More favourable was the partial prevention of entry, which would mean the blocking of some more difficult to police roads and the interception of vehicles on the remaining roads. However this still presented problems, with the Unit stating that any road closures would need to be weighed against ‘the hardship likely to be caused, the resistance to be encountered and the tying down of manpower to ensure that closures remain effective.’ The Unit warned that partial closures still required a large amount of manpower to guard both the closed and open routes. Furthermore, it was warned that ‘[p]ermanent check-points at vehicle crossings [would] also present shop window targets’ for attacks by Republican fighters.

With the focus on intercepting vehicles crossing the border and the use of checkpoints, there was also disagreement over how these interceptions would function. At first, there was a push for compulsory ID checks on all of those who crossed the border, but it was acknowledged that this was ‘a valuable aid to the identification of drivers, but that this did not help in relation to passengers’, as non-drivers in both the UK and the Republic of Ireland were not required to hold identification papers at all times.
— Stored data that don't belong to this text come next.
lemma HT_eq_self_pair_on_graph: "g \<in> HT T \<Longrightarrow> xs \<in> T x \<Longrightarrow> g (x, xs) = ereal (self_pair (x, xs))"
  by (auto simp: HT_def self_pair_def)

lemma ereal_midpoint_le: "A \<le> H \<Longrightarrow> B \<le> H \<Longrightarrow> (A + B) / 2 \<le> (H::ereal)"
  by (cases A; cases B; cases H) auto

lemma midpoint_of_conjugate_in_HT:
  assumes hH: "h \<in> HT T" and u_fin: "\<And>z. u z \<noteq> -\<infinity>"
    and k_fin: "\<And>z. fconj_swap u z \<noteq> -\<infinity>" and kk_fin: "\<And>z. fconj_swap (fconj_swap u) z \<noteq> -\<infinity>"
    and k_le: "\<And>z. fconj_swap u z \<le> h z" and kk_le: "\<And>z. fconj_swap (fconj_swap u) z \<le> h z"
  shows "(\<lambda>z. (fconj_swap u z + fconj_swap (fconj_swap u) z) / 2) \<in> HT T"
    (is "?g \<in> HT T")
proof -
  have ge: "ereal (self_pair z) \<le> ?g z" for z
    by (rule self_pair_le_fconj_swap_midpoint[OF k_fin])
  have le: "?g z \<le> h z" for z by (rule ereal_midpoint_le[OF k_le kk_le])
  show ?thesis
    unfolding HT_def
  proof (intro CollectI conjI allI impI)
    show "lsc_fun ?g" by (intro lsc_fun_midpoint lsc_fun_fconj_swap k_fin kk_fin)
    show "convex_ereal ?g" by (intro convex_ereal_midpoint convex_ereal_fconj_swap u_fin k_fin kk_fin)
    fix x xs
    show "ereal (pair x xs) \<le> ?g (x, xs)" using ge[of "(x, xs)"] by (simp add: self_pair_def)
    assume "xs \<in> T x"
    then show "?g (x, xs) = ereal (pair x xs)"
      using HT_eq_self_pair_on_graph[OF hH] ge[of "(x, xs)"] le[of "(x, xs)"]
      by (metis antisym fst_conv self_pair_def snd_conv)
  qed
qed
A proposed alternative to the checking of driver’s licences was the checking of vehicle registration papers. However it was deemed that this raised too many obstacles, particularly as numerous vehicles crossing the border (delivery trucks, hire cars, etc) would not necessarily have these registration papers in the vehicle. Furthermore, a report by the Ministry of Home Affairs mentioned that there was ‘a well-founded objection to keeping registration books in cars because both can be stolen together.’

To get around these specific problems, the Central Secretariat at Stormont floated whether all people living or working within a designated border zone could be issued with a special vehicle permit. In the same document, it was suggested ‘if there is a case on security grounds for imposing this requirement, it should be applied over the whole province and not only in a specified border area.’ However with both suggestions, those in Stormont felt that this would be an onerous requirement and that permits could not quickly issued. The conclusion to these proposed checks was that ‘[t]he imposition of a requirement to carry vehicle documents would not necessarily bring about any substantial improvement in border security’ and that ‘[e]nforcement would present considerable difficulties’.

Alongside the push for a greater insistence on documentation for those crossing the border, the Army also pushed for greater powers of search and seizure of suspected vehicles. As a 1973 Home Office document stated, ‘’[t]he army would like a clear power to seize vehicles so that they could be removed for close scrutiny’, and called for an expansion of the Special Powers Act 1922 to cover this demand. While the requirements for compulsory carriage of documents were not followed through, greater powers of search and seizure were incorporated into the Northern Ireland (Emergency Provisions) Act 1973.

After much deliberation about the border check system already implemented, it was still debated whether the intense scrutiny placed upon cross-border travelling had brought many tangible benefits, particularly considering the amount of manpower involved. For example, the previously mentioned British Army report from May 1971 stated:

In the first four months of 1971, over 200,000 cars have been searched in Northern Ireland and in only about 10 have wanted men, arms or explosives been found; some 25 or more evaded road checks.

However the report also qualified that there were some gains to this approach, adding:

Nevertheless the security dividend from a tighter control of the border area must not be underestimated: a reduction in cross-border explosive attacks and the interception of wanted or wounded men escaping from Belfast are typical potential gains. (My emphasis)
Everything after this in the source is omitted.